(* Let $a,\rho\in(0,1)$ and $m\ge 3$. Then: 1) $\Gamma_\rho(a)=\Lambda^{(m)}_\rho(a)$ (in particular the maximum in $\Lambda^{(m)}_\rho(a)$ is attained and its value does not depend on $m\ge3$). 2) Every optimal solution of the problem defining $\Gamma_\rho(a)$ (equivalently of the problem defining $\Lambda^{(m)}_\rho(a)$, with $(S,Z)$ having joint law $P(S=s,Z=z_{s,i})=p_{s,i}$) satisfies $\mathbb E[Z^2]=\mathbb E[SZ]$. 3) Every optimal solution $(z_{s,i},p_{s,i})$ of the problem defining $\Lambda^{(m)}_\rho(a)$ satisfies $z_{1-a,j}\ge z_{-a,i}+\tfrac12$ for all $i,j\in[m]$ with $z_{-a,i}>-a/\rho$ and $z_{1-a,j}<(1-a)/\rho$; moreover there exist $i\in[m]$ with $z_{-a,i}>-a/\rho$ and $j\in[m]$ with $z_{1-a,j}<(1-a)/\rho$. 4) The linear independence constraint qualification (LICQ) holds at every optimal solution of the problem defining $\Lambda^{(m)}_\rho(a)$, i.e. the gradients (with respect to all variables $(z_{s,i},p_{s,i})$) of the active inequality constraints and of the equality constraints are linearly independent there.
   Context: Let $\Phi:[0,1]\to\mathbb R$ be continuous and strictly convex. Let $\mathcal S=\{-a,1-a\}$ and $P_S(-a)=1-a$, $P_S(1-a)=a$. $\Gamma_\rho(a):=\sup_{P_{Z|S}}\mathbb E[\Phi(a+\rho Z)]$ subject to $0\le a+\rho Z\le1$ a.s., $\mathbb E[Z]=0$, $\mathbb E[Z^2]\le\mathbb E[SZ]$, where $(S,Z)\sim P_SP_{Z|S}$ and the supremum is over conditional probability mass functions. For $m\ge3$, $$\Lambda^{(m)}_\rho(a):=\max\sum_{(s,i)\in\mathcal S\times[m]}p_{s,i}\Phi(a+\rho z_{s,i})$$ over $z_{s,i}\in\mathbb R$, $p_{s,i}>0$ ($(s,i)\in\mathcal S\times[m]$) subject to: $0\le a+\rho z_{s,i}\le1$ for all $(s,i)$; $\sum_{i\in[m]}p_{s,i}=P_S(s)$ for each $s\in\mathcal S$; $\sum_{s,i}p_{s,i}z_{s,i}=0$; $\sum_{s,i}p_{s,i}(z_{s,i}^2-sz_{s,i})\le0$. Here $[m]=\{1,\dots,m\}$. *)

theory Defs
  imports "HOL-Probability.Probability"
begin

definition strictly_convex_on :: "real set \<Rightarrow> (real \<Rightarrow> real) \<Rightarrow> bool" where
  "strictly_convex_on A f \<longleftrightarrow>
     (\<forall>x\<in>A. \<forall>y\<in>A. \<forall>t::real. x \<noteq> y \<and> 0 < t \<and> t < 1 \<longrightarrow>
        f ((1 - t) * x + t * y) < (1 - t) * f x + t * f y)"

definition Sset :: "real \<Rightarrow> real set" where
  "Sset a = {-a, 1 - a}"

definition PS :: "real \<Rightarrow> real \<Rightarrow> real" where
  "PS a s = (if s = -a then 1 - a else a)"

(* E[f(S,Z)] for (S,Z) ~ P_S P_{Z|S} *)
definition jointE :: "real \<Rightarrow> (real \<Rightarrow> real pmf) \<Rightarrow> (real \<Rightarrow> real \<Rightarrow> real) \<Rightarrow> real" where
  "jointE a Q f = (\<Sum>s\<in>Sset a. PS a s * measure_pmf.expectation (Q s) (f s))"

definition gamma_feasible :: "real \<Rightarrow> real \<Rightarrow> (real \<Rightarrow> real pmf) \<Rightarrow> bool" where
  "gamma_feasible a \<rho> Q \<longleftrightarrow>
     (\<forall>s\<in>Sset a. \<forall>z\<in>set_pmf (Q s). 0 \<le> a + \<rho> * z \<and> a + \<rho> * z \<le> 1) \<and>
     jointE a Q (\<lambda>s z. z) = 0 \<and>
     jointE a Q (\<lambda>s z. z\<^sup>2) \<le> jointE a Q (\<lambda>s z. s * z)"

____________

**Description of the task:** For every line of the material that holds the word "real", make a copy.

**Expected output:**
definition strictly_convex_on :: "real set \<Rightarrow> (real \<Rightarrow> real) \<Rightarrow> bool" where
     (\<forall>x\<in>A. \<forall>y\<in>A. \<forall>t::real. x \<noteq> y \<and> 0 < t \<and> t < 1 \<longrightarrow>
definition Sset :: "real \<Rightarrow> real set" where
definition PS :: "real \<Rightarrow> real \<Rightarrow> real" where
definition jointE :: "real \<Rightarrow> (real \<Rightarrow> real pmf) \<Rightarrow> (real \<Rightarrow> real \<Rightarrow> real) \<Rightarrow> real" where
definition gamma_feasible :: "real \<Rightarrow> real \<Rightarrow> (real \<Rightarrow> real pmf) \<Rightarrow> bool" where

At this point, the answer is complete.